At the end, from a rare height.


When my brother and I were young, we often spent weeks at a time with either our grandmother or our great-aunt. I only realized a few years ago that our parents probably did that so they didn't go completely insane.

Time spent at our great-aunt and -uncle's house was always a good time. I especially liked the way her scrambled eggs at breakfast were always just a little runny, even if the cream of wheat was a bit grainy and unsweetened. At night she would fix me a bread-and-butter sandwich, something my mother would never in a million years have done. My brother enjoyed warming syrup and butter together and dipping strips of bread into it. We usually went to bed pretty happy.

Uncle Phil always, always had a bag of M&Ms waiting for me when we visited. He'd keep it on top of the refridgerator, pretend they weren't there, and I'd pretend I wasn't waiting for them, and then he'd get a little smile and bring them down and pour me a whole placemat full of them, it seemed. I never even liked M&Ms any other time, but from him, they were pretty awesome.

As I said, Uncle Phil was from Mississippi. Any 'ir' or 'ur' in a word was automatically an 'oi.' You may have heard this before. So one morning, my brother was up before me, and sitting on the front porch poking around for bugs with a stick, and as I trudged down the hallway I was just in time to hear Uncle Phil grouse, "Boy, get outta that doit!" Clearly, we laughed all day about it and still laugh to this day, if one of us mentions it.

The backyard was a very nice size, with an old shed and brick barbecue pit for me to daydream over, and a big tree that my brother attempted to summit time and again to no avail. We rolled around in the grass and got itchy. We discovered a huge, mutant ant that he matter-of-factly told me was a 'granddaddy ant' and proceeded to, of course, poke with a big stick. We begged to eat lunch on the old picnic table.

After dinner when the sun was going down we'd sit on the front porch and listen to the cicadas whirring in the trees, a sound that still soothes me and takes me back to better days. My brother and I didn't know it then, but we were living life in a different rhythm, one that the former generations knew well, and to whom watching the sunset and talking about nothing in general made the most sense in the world.


We loved to watch TV, of course. Soaps took priority. Young and the Restless, Bold and the Beautiful. My poor brother got as hooked on them as I did. We also watched The Price is Right faithfully and even kept score (though I can't remember how or why). Channel 4 was the news station of choice, and in the evenings it was shows like Beauty and the Beast and Murder, She Wrote.

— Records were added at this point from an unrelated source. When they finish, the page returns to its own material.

(* Let $\mathcal D=(C_1,C_2,C_3,C_4)$ be any ordered, oriented Descartes configuration and let $\mathbf D=\tfrac12\begin{pmatrix}-1&1&1&1\\1&-1&1&1\\1&1&-1&1\\1&1&1&-1\end{pmatrix}$. Then $\mathbf D\in\mathrm{Aut}(Q_D)$, and $\mathbf D\mathbf W_{\mathcal D}=\mathbf W_{\mathcal D^\perp}$ for an ordered, oriented Descartes configuration $\mathcal D^\perp=(C_1^\perp,\dots,C_4^\perp)$ in which, for each $i$, the circle $C_i^\perp$ is (as an unoriented circle or line) the circle through the three tangency points of $\mathcal D$ that do not lie on $C_i$. The configuration $\mathcal D^\perp$ has the same six tangency points as $\mathcal D$, and its circles meet those of $\mathcal D$ orthogonally at these points.
   Context: Oriented circles: radius $r$, oriented curvature $\pm1/r$, $+$ iff the interior is the bounded open disk; oriented lines have curvature $0$, unit normal $\mathbf h$, interior the open half-plane into which $\mathbf h$ points. A Descartes configuration: four mutually tangent circles/lines with six distinct tangency points (parallel lines tangent at $\infty$); oriented if the four interiors are pairwise disjoint or become so after reversing all orientations. Augmented curvature-center coordinates: for center $\mathbf c$ and oriented radius $r$, $\mathbf w(C)=((|\mathbf c|^2-r^2)/r,1/r,c_1/r,c_2/r)$; for the line $\mathbf x\cdot\mathbf h=m$ with interior-pointing unit normal $\mathbf h$, $\mathbf w(C)=(2m,0,h_1,h_2)$. $\mathbf W_{\mathcal D}$ has $k$-th row $\mathbf w(C_k)$. $\mathbf Q_D=\mathbf I-\frac12\mathbf 1\mathbf 1^T$ and $\mathrm{Aut}(Q_D)=\{\mathbf U:\mathbf U^T\mathbf Q_D\mathbf U=\mathbf Q_D\}$. *)

theory Defs
  imports "HOL-Analysis.Analysis"
begin
(* Let $Q=(q_n)_{n\ge1}$ be a basic sequence that is infinite in limit, let $F$ be a $Q$-special sequence, and let $(a,b,1)\in S_Q$. Then the finite sequence $y_{F,a,b}=\left(\frac{F_{(a,b,c)}}{q_{\phi_Q(a,b,c)}}\right)_{c=1}^a$ is an almost-arithmetic progression-$\left(\frac1a,\frac1a\right)$, and its star discrepancy satisfies $D^*(y_{F,a,b})\le\frac2a$.
   Context: A basic sequence is a sequence $Q=(q_n)_{n\ge1}$ of integers with $q_n\ge 2$; it is infinite in limit if $q_n\to\infty$. $\mathbb{N}$ denotes the positive integers. For each positive integer $j$ let $\nu_j=\min\{N : q_m\ge 2j^2 \text{ for all } m\ge N\}$. Define $l_1=\max(\nu_2-1,1)$ and, recursively for $i\ge 2$, $l_i=\max\big(\min\{k\in\mathbb{N} : l_1+2l_2+\cdots+(i-1)l_{i-1}+ik\ge \nu_{i+1}-1\},1\big)$. Put $L_i=\sum_{j=1}^i jl_j$ (with $L_0=0$). Let $S_Q=\{(a,b,c)\in\mathbb{N}^3 : b\le l_a,\ c\le a\}$ and $\phi_Q(a,b,c)=L_{a-1}+(b-1)a+c$; $\phi_Q$ is a bijection $S_Q\to\mathbb{N}$. A $Q$-special sequence is a family of integers $F=(F_{(a,b,c)})_{(a,b,c)\in S_Q}$ with $F_{(a,b,1)}=0$ for all $(a,b,1)\in S_Q$ and $\frac{F_{(a,b,c)}}{q_{\phi_Q(a,b,c)}}\in\left[\frac{c-1}{a}-\frac{1}{2a^2},\frac{c-1}{a}+\frac{1}{2a^2}\right]$ for $(a,b,c)\in S_Q$ with $c>1$. For $0\le\delta<1$ and $\varepsilon>0$, a finite sequence $x_1<x_2<\cdots<x_N$ in $[0,1)$ is an almost-arithmetic progression-$(\delta,\varepsilon)$ if there is $\eta$ with $0<\eta\le\varepsilon$ such that $0\le x_1\le\eta+\delta\eta$; $\eta-\delta\eta\le x_{n+1}-x_n\le\eta+\delta\eta$ for $1\le n\le N-1$; and $1-\eta-\delta\eta\le x_N<1$. For a finite sequence $z=(z_1,\dots,z_n)$ in $[0,1)$, its star discrepancy is $D^*(z)=\sup_{0<\gamma\le1}\left|\frac{\#\{k\le n: z_k\in[0,\gamma)\}}{n}-\gamma\right|$. *)

theory Defs
  imports "HOL-Analysis.Analysis"
begin

text \<open>Sequences are indexed from 1; the value at index 0 is irrelevant.\<close>

definition basic_seq :: "(nat \<Rightarrow> nat) \<Rightarrow> bool" where
  "basic_seq q \<longleftrightarrow> (\<forall>n\<ge>1. q n \<ge> 2)"

definition infinite_in_limit :: "(nat \<Rightarrow> nat) \<Rightarrow> bool" where
  "infinite_in_limit q \<longleftrightarrow> filterlim q at_top sequentially"

definition nuQ :: "(nat \<Rightarrow> nat) \<Rightarrow> nat \<Rightarrow> nat" where
  "nuQ q j = (LEAST N. N \<ge> 1 \<and> (\<forall>m\<ge>N. q m \<ge> 2 * j^2))"

fun lL :: "(nat \<Rightarrow> nat) \<Rightarrow> nat \<Rightarrow> nat \<times> nat" where
  "lL q 0 = (0, 0)"
| "lL q (Suc 0) = (let l1 = max (nuQ q 2 - 1) 1 in (l1, l1))"
| "lL q (Suc (Suc n)) =
     (let i = Suc (Suc n); Lp = snd (lL q (Suc n));
          k = max (LEAST k. k \<ge> 1 \<and> Lp + i * k \<ge> nuQ q (i + 1) - 1) 1
      in (k, Lp + i * k))"

definition lQ :: "(nat \<Rightarrow> nat) \<Rightarrow> nat \<Rightarrow> nat" where
  "lQ q i = fst (lL q i)"

definition LQ :: "(nat \<Rightarrow> nat) \<Rightarrow> nat \<Rightarrow> nat" where
  "LQ q i = snd (lL q i)"

definition SQ :: "(nat \<Rightarrow> nat) \<Rightarrow> (nat \<times> nat \<times> nat) set" where
  "SQ q = {(a, b, c). a \<ge> 1 \<and> b \<ge> 1 \<and> c \<ge> 1 \<and> b \<le> lQ q a \<and> c \<le> a}"

definition phiQ :: "(nat \<Rightarrow> nat) \<Rightarrow> nat \<times> nat \<times> nat \<Rightarrow> nat" where
  "phiQ q t = (case t of (a, b, c) \<Rightarrow> LQ q (a - 1) + (b - 1) * a + c)"

definition Q_special :: "(nat \<Rightarrow> nat) \<Rightarrow> (nat \<times> nat \<times> nat \<Rightarrow> int) \<Rightarrow> bool" where
  "Q_special q F \<longleftrightarrow>
     (\<forall>a b. (a, b, 1) \<in> SQ q \<longrightarrow> F (a, b, 1) = 0) \<and>
     (\<forall>a b c. (a, b, c) \<in> SQ q \<and> c > 1 \<longrightarrow>
        real_of_int (F (a, b, c)) / real (q (phiQ q (a, b, c)))
          \<in> {(real c - 1) / real a - 1 / (2 * real a ^ 2) ..
             (real c - 1) / real a + 1 / (2 * real a ^ 2)})"

text \<open>Finite sequence x_1, ..., x_N given as x :: nat => real on indices 1..N.\<close>
definition almost_AP :: "real \<Rightarrow> real \<Rightarrow> nat \<Rightarrow> (nat \<Rightarrow> real) \<Rightarrow> bool" where
  "almost_AP \<delta> \<epsilon> N x \<longleftrightarrow>
     N \<ge> 1 \<and>
     (\<forall>n\<in>{1..N}. 0 \<le> x n \<and> x n < 1) \<and>
     (\<forall>n\<in>{1..<N}. x n < x (n + 1)) \<and>
     (\<exists>\<eta>. 0 < \<eta> \<and> \<eta> \<le> \<epsilon> \<and>
        0 \<le> x 1 \<and> x 1 \<le> \<eta> + \<delta> * \<eta> \<and>
        (\<forall>n\<in>{1..N-1}. \<eta> - \<delta> * \<eta> \<le> x (n + 1) - x n \<and> x (n + 1) - x n \<le> \<eta> + \<delta> * \<eta>) \<and>
        1 - \<eta> - \<delta> * \<eta> \<le> x N \<and> x N < 1)"

definition star_discrepancy :: "nat \<Rightarrow> (nat \<Rightarrow> real) \<Rightarrow> real" where
  "star_discrepancy n z =
     (SUP \<gamma>\<in>{0<..1}. \<bar>real (card {k\<in>{1..n}. z k < \<gamma>}) / real n - \<gamma>\<bar>)"

end

theory Submission
  imports Defs
begin

text \<open>Each term of y is within 1/(2a^2) of the grid point (c-1)/a. These error intervals
  are disjoint and lie inside [0,1), so y is strictly increasing with gaps
  1/a \<plusminus> 1/a^2; and since the counting function of a strictly increasing sequence
  below \<gamma> is the length of an initial segment, it differs from a\<gamma> by at most
  1 + 1/(2a).\<close>

definition near_grid :: "nat \<Rightarrow> (nat \<Rightarrow> real) \<Rightarrow> bool" where
  "near_grid a x \<longleftrightarrow>
     (\<forall>c\<in>{1..a}. \<bar>x c - (real c - 1) / real a\<bar> \<le> 1 / (2 * real a ^ 2))"

lemma strict_mono_on_count_less:
  fixes x :: "nat \<Rightarrow> 'a::linorder"
  assumes "strict_mono_on {1..a} x"
  shows "{k\<in>{1..a}. x k < \<gamma>} = {1..card {k\<in>{1..a}. x k < \<gamma>}}"
proof (cases "{k\<in>{1..a}. x k < \<gamma>} = {}")
  case False
  define S where "S = {k\<in>{1..a}. x k < \<gamma>}"
  define m where "m = Max S"
  have "finite S" by (simp add: S_def)
  then have m: "m \<in> S" using False unfolding m_def S_def by (intro Max_in) auto
  have "S = {1..m}"
  proof
    show "S \<subseteq> {1..m}" using \<open>finite S\<close> by (auto simp: m_def S_def)
    show "{1..m} \<subseteq> S"
    proof
      fix k assume k: "k \<in> {1..m}"
      with m have "x k \<le> x m"
        by (intro strict_mono_on_leD[OF assms]) (auto simp: S_def)
      with k m show "k \<in> S" by (auto simp: S_def)
    qed
  qed
  then show ?thesis by (simp add: S_def)
qed simp

lemma near_grid_scaled:
  assumes "near_grid a x" and "c \<in> {1..a}"
  shows "\<bar>real a * x c - (real c - 1)\<bar> \<le> 1 / (2 * real a)"
proof -
  have a: "real a > 0" using assms(2) by simp
  have "real a * x c - (real c - 1) = real a * (x c - (real c - 1) / real a)"
    using a by (simp add: field_simps)
  then have "\<bar>real a * x c - (real c - 1)\<bar> = real a * \<bar>x c - (real c - 1) / real a\<bar>"
    using a by (simp add: abs_mult)
  also have "\<dots> \<le> real a * (1 / (2 * real a ^ 2))"
    using assms a unfolding near_grid_def by (intro mult_left_mono) auto
  also have "\<dots> = 1 / (2 * real a)"
    using a by (simp add: power2_eq_square)
  finally show ?thesis .
qed

lemma near_grid_strict_mono_on:
  assumes "near_grid a x"
  shows "strict_mono_on {1..a} x"
proof (rule strict_mono_onI)
  fix k j assume k: "k \<in> {1..a}" and j: "j \<in> {1..a}" and "k < j"
  then have "real a \<ge> 2" "real k + 1 \<le> real j" by auto
  then have "1 / (2 * real a) \<le> 1 / 4" by (simp add: field_simps)
  then have "real a * x k < real a * x j"
    using near_grid_scaled[OF assms k] near_grid_scaled[OF assms j] \<open>real k + 1 \<le> real j\<close>
    by (simp add: abs_le_iff)
  then show "x k < x j" using k by simp
qed

lemma near_grid_less_one:
  assumes "near_grid a x" and "c \<in> {1..a}"
  shows "x c < 1"
proof -
  have "1 / (2 * real a) \<le> 1 / 2" "real c \<le> real a" using assms(2) by (auto simp: field_simps)
  then have "real a * x c < real a * 1"
    using near_grid_scaled[OF assms] by (simp add: abs_le_iff)
  then show ?thesis using assms(2) by simp
qed

lemma near_grid_gap:
  assumes grid: "near_grid a x" and n: "n \<in> {1..<a}"
  shows "\<bar>x (n + 1) - x n - 1 / real a\<bar> \<le> 1 / real a ^ 2"
proof -
  have a: "real a > 0" using n by simp
  have "2 * (1 / (2 * real a)) = 1 / real a" by simp
  then have "\<bar>real a * x (n + 1) - real a * x n - 1\<bar> \<le> 1 / real a"
    using near_grid_scaled[OF grid, of n] near_grid_scaled[OF grid, of "n + 1"] n
    unfolding abs_le_iff by (simp only: of_nat_add of_nat_1) auto
  moreover have "x (n + 1) - x n - 1 / real a = (real a * x (n + 1) - real a * x n - 1) / real a"
    using a by (simp add: field_simps)
  ultimately have "\<bar>x (n + 1) - x n - 1 / real a\<bar> \<le> (1 / real a) / real a"
    using divide_right_mono[of _ "1 / real a" "real a"] a by simp
  then show ?thesis by (simp add: power2_eq_square)
qed

lemma near_grid_almost_AP:
  assumes grid: "near_grid a x" and "a \<ge> 1" and "0 \<le> x 1"
  shows "almost_AP (1 / real a) (1 / real a) a x"
proof -
  have a: "real a > 0" and last: "a \<in> {1..a}" using \<open>a \<ge> 1\<close> by auto
  have mono: "strict_mono_on {1..a} x" using near_grid_strict_mono_on[OF grid] .
  have "real a * x 1 \<le> 1 / (2 * real a)"
    using near_grid_scaled[OF grid, of 1] \<open>a \<ge> 1\<close> by (simp add: abs_le_iff)
  also have "\<dots> \<le> real a * (1 / real a + 1 / real a * (1 / real a))"
    using a by (simp add: field_simps)
  finally have first_le: "x 1 \<le> 1 / real a + 1 / real a * (1 / real a)"
    using a by simp
  have "real a * (1 - 1 / real a - 1 / real a * (1 / real a)) = real a - 1 - 1 / real a"
    using a by (simp add: field_simps)
  also have "\<dots> \<le> real a * x a"
    using near_grid_scaled[OF grid last] a by (simp add: abs_le_iff field_simps)
  finally have last_ge: "1 - 1 / real a - 1 / real a * (1 / real a) \<le> x a"
    using a by (simp only: mult_le_cancel_left_pos)
  show ?thesis
    unfolding almost_AP_def
  proof (intro conjI ballI exI[of _ "1 / real a"])
    fix n assume n: "n \<in> {1..a}"
    show "x n < 1" using near_grid_less_one[OF grid n] .
    show "0 \<le> x n" using strict_mono_on_leD[OF mono, of 1 n] n \<open>0 \<le> x 1\<close> by auto
  next
    fix n assume "n \<in> {1..<a}"
    then show "x n < x (n + 1)" using strict_mono_onD[OF mono, of n "n + 1"] by simp
  next
    fix n assume "n \<in> {1..a - 1}"
    then have "n \<in> {1..<a}" by auto
    then have "\<bar>x (n + 1) - x n - 1 / real a\<bar> \<le> 1 / real a * (1 / real a)"
      using near_grid_gap[OF grid] by (simp add: power2_eq_square)
    then show "1 / real a - 1 / real a * (1 / real a) \<le> x (n + 1) - x n"
      and "x (n + 1) - x n \<le> 1 / real a + 1 / real a * (1 / real a)"
      by (simp_all add: abs_le_iff)
  qed (use \<open>a \<ge> 1\<close> a \<open>0 \<le> x 1\<close> first_le last_ge near_grid_less_one[OF grid last] in auto)
qed

lemma near_grid_star_discrepancy:
  assumes grid: "near_grid a x" and "a \<ge> 1"
  shows "star_discrepancy a x \<le> 2 / real a"
  unfolding star_discrepancy_def
proof (rule cSUP_least)
  show "{0<..(1::real)} \<noteq> {}" by simp
  fix \<gamma> :: real assume \<gamma>: "\<gamma> \<in> {0<..1}"
  have a: "real a > 0" using \<open>a \<ge> 1\<close> by simp
  define m where "m = card {k\<in>{1..a}. x k < \<gamma>}"
  have S: "{k\<in>{1..a}. x k < \<gamma>} = {1..m}"
    unfolding m_def by (rule strict_mono_on_count_less[OF near_grid_strict_mono_on[OF grid]])
  have "card {k\<in>{1..a}. x k < \<gamma>} \<le> card {1..a}" by (rule card_mono) auto
  then have "m \<le> a" by (simp add: m_def)
  have err: "1 / (2 * real a) \<le> 1" using a by (simp add: field_simps)
  have "real m - 1 - 1 / (2 * real a) < real a * \<gamma>"
  proof (cases "m = 0")
    case False
    then have "m \<in> {k\<in>{1..a}. x k < \<gamma>}" unfolding S by simp
    then have m: "m \<in> {1..a}" "x m < \<gamma>" by simp_all
    have "real m - 1 - 1 / (2 * real a) \<le> real a * x m"
      using near_grid_scaled[OF grid m(1)] by (simp add: abs_le_iff)
    also have "\<dots> < real a * \<gamma>" using m(2) a by simp
    finally show ?thesis .
  next
    case True
    have "0 < real a * \<gamma>" "0 \<le> 1 / (2 * real a)" using a \<gamma> by auto
    then show ?thesis using True by linarith
  qed
  moreover have "real a * \<gamma> \<le> real m + 1 / (2 * real a)"
  proof (cases "m = a")
    case False
    then have m: "m + 1 \<in> {1..a}" using \<open>m \<le> a\<close> by simp
    have "m + 1 \<notin> {k\<in>{1..a}. x k < \<gamma>}" unfolding S by simp
    with m have "\<gamma> \<le> x (m + 1)" by simp
    have "real a * \<gamma> \<le> real a * x (m + 1)" using \<open>\<gamma> \<le> x (m + 1)\<close> a by simp
    also have "\<dots> \<le> real m + 1 / (2 * real a)"
      using near_grid_scaled[OF grid m] by (simp add: abs_le_iff)
    finally show ?thesis .
  next
    case True
    have "real a * \<gamma> \<le> real a" "0 \<le> 1 / (2 * real a)" using \<gamma> a by auto
    then show ?thesis using True by linarith
  qed
  ultimately have "\<bar>real m - real a * \<gamma>\<bar> \<le> 2" using err by linarith
  then have "\<bar>real m / real a - \<gamma>\<bar> * real a \<le> 2"
    using a by (simp add: field_simps abs_mult flip: abs_of_pos)
  then show "\<bar>real (card {k\<in>{1..a}. x k < \<gamma>}) / real a - \<gamma>\<bar> \<le> 2 / real a"
    using a by (simp add: m_def field_simps)
qed

lemma Q_special_near_grid:
  assumes "Q_special q F" and "(a, b, 1) \<in> SQ q"
  shows "near_grid a (\<lambda>c. real_of_int (F (a, b, c)) / real (q (phiQ q (a, b, c))))"
  unfolding near_grid_def
proof
  fix c assume c: "c \<in> {1..a}"
  show "\<bar>real_of_int (F (a, b, c)) / real (q (phiQ q (a, b, c))) - (real c - 1) / real a\<bar>
        \<le> 1 / (2 * real a ^ 2)"
  proof (cases "c = 1")
    case True
    then show ?thesis using assms by (simp add: Q_special_def)
  next
    case False
    then have "(a, b, c) \<in> SQ q" "c > 1" using c assms(2) by (auto simp: SQ_def)
    then have "real_of_int (F (a, b, c)) / real (q (phiQ q (a, b, c)))
        \<in> {(real c - 1) / real a - 1 / (2 * real a ^ 2) .. (real c - 1) / real a + 1 / (2 * real a ^ 2)}"
      using conjunct2[OF assms(1)[unfolded Q_special_def], rule_format, of a b c] by blast
    then show ?thesis by (simp add: abs_le_iff)
  qed
qed

theorem mainTheorem14:
  fixes q :: "nat \<Rightarrow> nat" and F :: "nat \<times> nat \<times> nat \<Rightarrow> int" and a b :: nat
  assumes "basic_seq q" and "infinite_in_limit q"
    and "Q_special q F"
    and "(a, b, 1) \<in> SQ q"
  shows "almost_AP (1 / real a) (1 / real a) a
           (\<lambda>c. real_of_int (F (a, b, c)) / real (q (phiQ q (a, b, c))))
       \<and> star_discrepancy a
           (\<lambda>c. real_of_int (F (a, b, c)) / real (q (phiQ q (a, b, c)))) \<le> 2 / real a"
proof -
  have grid: "near_grid a (\<lambda>c. real_of_int (F (a, b, c)) / real (q (phiQ q (a, b, c))))"
    using Q_special_near_grid[OF assms(3,4)] .
  have "a \<ge> 1" using assms(4) by (simp add: SQ_def)
  moreover have "F (a, b, 1) = 0" using assms(3,4) by (simp add: Q_special_def)
  ultimately show ?thesis
    using near_grid_almost_AP[OF grid] near_grid_star_discrepancy[OF grid] by simp
qed

end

My brother and I played with our toys, too. A lot. We read comic books on the guest bed where we slept nights, and devised numerous action sequences with our He-Man and C.O.P.S. (remember that cartoon?) action figures. One afternoon my brother discovered that I had placed Superman on top of She-Ra in a suggestive way. He immediately grabbed them and ran to our great-aunt. "Look what she did!!"

"So?" she replied without missing a beat. "Don't your parents do that, too?"

The idea of that was not a good one for me at that age, but I was very happy that she had saved me from a TON of fun-making.

Above all, we laughed a lot. Our great-aunt was a very, very funny lady. Though she knew how to scold and shame, those moments always vanished before long in favor of the greatest, happiest atmosphere a kid staying with two old folks could ask for.

There's a peculiar light in that guest bedroom. The windows are boarded with quaint blinds that are rarely open, and dainty pink window curtains fall to the middle. The sunlight coming through those curtains creates an alternately rosy and golden glow in the room that isn't bright but warm, and feels like the past; as if beyond the window lies a field of wheat and a neighboring farmhouse, and folks headed to town to the soda shop and the nickleodeon.

There's just something about the past, isn't there.


Liz said...


Epoem said...

Is that her street number?

Life is not fun sometimes. ((( )))

I wonder if we realize the impact we ourselves have on other peoples lives? I never think about others looking back on memories I helped them collect. I don't think I could ever be what some people have been for me.

But I imagine your great-aunt held memories of time spent with you, especially through the week until you came again to see her. How wonderful to have that time the past couple of years.

Don said...

I missed this post the first time around, and it is lovely. What a gift to have such good times in your memory bank. Also, it's nice to have a brother to reminisce with. (Or fellow bloggers to gaze at your past through your words.)